### THE TASK
Return exactly the lines that run from the one containing "then show ?thesis by" to the end of the entries, with both ends included.

### RECORDS FOR PROCESSING
────────────────────────────────────────
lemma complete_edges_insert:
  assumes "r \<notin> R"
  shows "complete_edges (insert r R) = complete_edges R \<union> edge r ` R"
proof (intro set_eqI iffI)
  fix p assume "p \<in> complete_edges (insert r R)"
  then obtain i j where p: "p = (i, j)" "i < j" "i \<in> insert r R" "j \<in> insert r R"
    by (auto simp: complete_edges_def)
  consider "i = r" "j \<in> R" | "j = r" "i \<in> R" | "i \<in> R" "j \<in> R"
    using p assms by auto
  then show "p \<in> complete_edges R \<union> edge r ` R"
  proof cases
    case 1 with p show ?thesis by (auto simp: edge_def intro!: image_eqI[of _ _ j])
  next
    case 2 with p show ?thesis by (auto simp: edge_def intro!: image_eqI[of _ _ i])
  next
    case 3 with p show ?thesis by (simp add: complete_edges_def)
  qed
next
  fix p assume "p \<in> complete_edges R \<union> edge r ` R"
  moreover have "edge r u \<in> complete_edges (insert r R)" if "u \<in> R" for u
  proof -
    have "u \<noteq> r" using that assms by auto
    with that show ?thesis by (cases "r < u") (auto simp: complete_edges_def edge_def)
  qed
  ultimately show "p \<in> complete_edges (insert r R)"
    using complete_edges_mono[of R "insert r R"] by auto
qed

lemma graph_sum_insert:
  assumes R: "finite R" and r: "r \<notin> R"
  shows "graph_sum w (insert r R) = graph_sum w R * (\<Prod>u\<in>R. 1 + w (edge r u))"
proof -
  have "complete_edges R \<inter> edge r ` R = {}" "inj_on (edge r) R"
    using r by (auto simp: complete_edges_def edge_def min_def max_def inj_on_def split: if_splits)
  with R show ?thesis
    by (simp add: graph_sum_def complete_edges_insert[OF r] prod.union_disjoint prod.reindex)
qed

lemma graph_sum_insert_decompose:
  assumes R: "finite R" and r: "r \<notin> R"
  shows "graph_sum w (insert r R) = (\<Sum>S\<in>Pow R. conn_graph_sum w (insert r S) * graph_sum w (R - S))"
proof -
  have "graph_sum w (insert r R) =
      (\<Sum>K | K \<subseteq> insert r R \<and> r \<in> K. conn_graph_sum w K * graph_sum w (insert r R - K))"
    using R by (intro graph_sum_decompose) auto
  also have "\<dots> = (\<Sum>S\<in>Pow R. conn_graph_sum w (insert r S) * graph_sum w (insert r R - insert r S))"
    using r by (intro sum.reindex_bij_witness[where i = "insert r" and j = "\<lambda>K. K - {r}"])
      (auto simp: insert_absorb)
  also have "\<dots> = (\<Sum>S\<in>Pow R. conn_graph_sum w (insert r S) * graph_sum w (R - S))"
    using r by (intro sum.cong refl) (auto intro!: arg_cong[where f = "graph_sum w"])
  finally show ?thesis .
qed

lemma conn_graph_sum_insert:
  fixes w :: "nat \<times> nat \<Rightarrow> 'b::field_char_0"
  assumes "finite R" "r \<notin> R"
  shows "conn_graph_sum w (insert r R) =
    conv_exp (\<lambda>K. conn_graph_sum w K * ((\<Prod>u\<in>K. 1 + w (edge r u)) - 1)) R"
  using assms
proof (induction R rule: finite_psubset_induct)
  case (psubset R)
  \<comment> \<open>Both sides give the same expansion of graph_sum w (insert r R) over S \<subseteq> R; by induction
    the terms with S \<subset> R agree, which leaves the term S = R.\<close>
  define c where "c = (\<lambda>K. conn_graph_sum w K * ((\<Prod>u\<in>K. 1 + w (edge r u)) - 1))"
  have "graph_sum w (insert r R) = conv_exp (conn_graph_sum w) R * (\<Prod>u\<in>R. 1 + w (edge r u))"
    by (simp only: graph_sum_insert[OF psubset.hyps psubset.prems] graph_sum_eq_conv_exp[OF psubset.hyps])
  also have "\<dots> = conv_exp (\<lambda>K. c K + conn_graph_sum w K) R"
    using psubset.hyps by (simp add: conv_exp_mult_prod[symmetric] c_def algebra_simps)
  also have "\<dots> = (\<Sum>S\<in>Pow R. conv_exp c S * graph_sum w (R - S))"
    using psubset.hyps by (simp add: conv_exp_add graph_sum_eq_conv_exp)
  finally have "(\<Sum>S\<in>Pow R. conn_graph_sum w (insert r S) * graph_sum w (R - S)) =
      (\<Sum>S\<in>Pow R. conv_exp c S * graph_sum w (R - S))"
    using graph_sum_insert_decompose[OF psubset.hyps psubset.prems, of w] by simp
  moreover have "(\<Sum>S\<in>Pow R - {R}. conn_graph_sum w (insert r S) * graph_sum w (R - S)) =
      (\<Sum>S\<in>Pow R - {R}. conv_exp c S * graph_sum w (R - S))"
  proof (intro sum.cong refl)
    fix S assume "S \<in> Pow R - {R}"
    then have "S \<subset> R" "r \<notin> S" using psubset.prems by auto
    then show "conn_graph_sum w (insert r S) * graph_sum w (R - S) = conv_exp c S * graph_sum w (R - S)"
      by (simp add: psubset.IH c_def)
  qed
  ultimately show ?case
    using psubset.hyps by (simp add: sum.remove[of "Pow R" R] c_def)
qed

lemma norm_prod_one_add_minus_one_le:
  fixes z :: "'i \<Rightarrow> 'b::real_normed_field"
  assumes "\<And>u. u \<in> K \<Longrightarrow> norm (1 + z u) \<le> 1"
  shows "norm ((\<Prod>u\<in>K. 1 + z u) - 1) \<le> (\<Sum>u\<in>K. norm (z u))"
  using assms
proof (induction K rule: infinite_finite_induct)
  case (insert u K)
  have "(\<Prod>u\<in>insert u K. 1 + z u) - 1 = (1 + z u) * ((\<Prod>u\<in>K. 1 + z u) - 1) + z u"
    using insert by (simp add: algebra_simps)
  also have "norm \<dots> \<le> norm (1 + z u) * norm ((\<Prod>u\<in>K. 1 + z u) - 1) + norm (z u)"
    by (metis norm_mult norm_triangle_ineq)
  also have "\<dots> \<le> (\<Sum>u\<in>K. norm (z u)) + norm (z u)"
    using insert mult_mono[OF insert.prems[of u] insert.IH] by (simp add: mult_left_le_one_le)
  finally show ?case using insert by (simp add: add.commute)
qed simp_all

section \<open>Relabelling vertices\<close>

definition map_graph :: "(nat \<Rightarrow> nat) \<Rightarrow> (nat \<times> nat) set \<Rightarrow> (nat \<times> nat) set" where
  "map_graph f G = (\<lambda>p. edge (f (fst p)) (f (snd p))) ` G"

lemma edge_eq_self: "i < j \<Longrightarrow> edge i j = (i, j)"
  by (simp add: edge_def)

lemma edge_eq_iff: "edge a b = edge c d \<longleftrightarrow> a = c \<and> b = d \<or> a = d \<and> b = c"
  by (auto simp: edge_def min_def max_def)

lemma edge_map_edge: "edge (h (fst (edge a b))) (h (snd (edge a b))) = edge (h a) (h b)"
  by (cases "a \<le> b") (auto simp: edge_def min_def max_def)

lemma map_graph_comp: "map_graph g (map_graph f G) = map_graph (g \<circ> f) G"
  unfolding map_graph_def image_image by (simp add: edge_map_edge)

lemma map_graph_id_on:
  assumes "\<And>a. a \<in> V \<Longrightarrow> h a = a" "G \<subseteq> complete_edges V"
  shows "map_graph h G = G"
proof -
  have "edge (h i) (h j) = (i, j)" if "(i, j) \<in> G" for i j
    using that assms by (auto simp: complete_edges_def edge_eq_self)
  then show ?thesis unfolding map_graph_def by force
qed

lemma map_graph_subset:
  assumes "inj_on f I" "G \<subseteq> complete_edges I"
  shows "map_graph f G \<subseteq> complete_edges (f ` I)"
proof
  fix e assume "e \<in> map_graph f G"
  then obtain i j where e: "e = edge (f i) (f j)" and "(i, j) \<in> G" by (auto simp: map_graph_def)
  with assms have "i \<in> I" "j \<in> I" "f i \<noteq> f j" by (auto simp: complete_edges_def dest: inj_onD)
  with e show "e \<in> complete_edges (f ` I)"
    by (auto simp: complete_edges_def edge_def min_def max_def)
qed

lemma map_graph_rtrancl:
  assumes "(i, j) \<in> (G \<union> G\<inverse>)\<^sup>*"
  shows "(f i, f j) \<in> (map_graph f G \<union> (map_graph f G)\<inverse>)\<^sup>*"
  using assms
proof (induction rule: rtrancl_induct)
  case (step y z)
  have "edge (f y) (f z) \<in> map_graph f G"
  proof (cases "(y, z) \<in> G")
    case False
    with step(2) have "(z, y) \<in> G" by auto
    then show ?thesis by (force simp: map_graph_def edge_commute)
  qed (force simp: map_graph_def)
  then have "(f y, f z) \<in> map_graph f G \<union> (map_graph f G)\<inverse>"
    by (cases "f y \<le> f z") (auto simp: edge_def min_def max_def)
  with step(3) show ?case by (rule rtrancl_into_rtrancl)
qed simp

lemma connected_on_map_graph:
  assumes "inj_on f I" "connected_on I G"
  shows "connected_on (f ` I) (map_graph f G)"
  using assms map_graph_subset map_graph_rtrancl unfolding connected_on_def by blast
────────────────────────────────────────
### ANSWER SPACE
    then show ?thesis by (force simp: map_graph_def edge_commute)
  qed (force simp: map_graph_def)
  then have "(f y, f z) \<in> map_graph f G \<union> (map_graph f G)\<inverse>"
    by (cases "f y \<le> f z") (auto simp: edge_def min_def max_def)
  with step(3) show ?case by (rule rtrancl_into_rtrancl)
qed simp

lemma connected_on_map_graph:
  assumes "inj_on f I" "connected_on I G"
  shows "connected_on (f ` I) (map_graph f G)"
  using assms map_graph_subset map_graph_rtrancl unfolding connected_on_def by blast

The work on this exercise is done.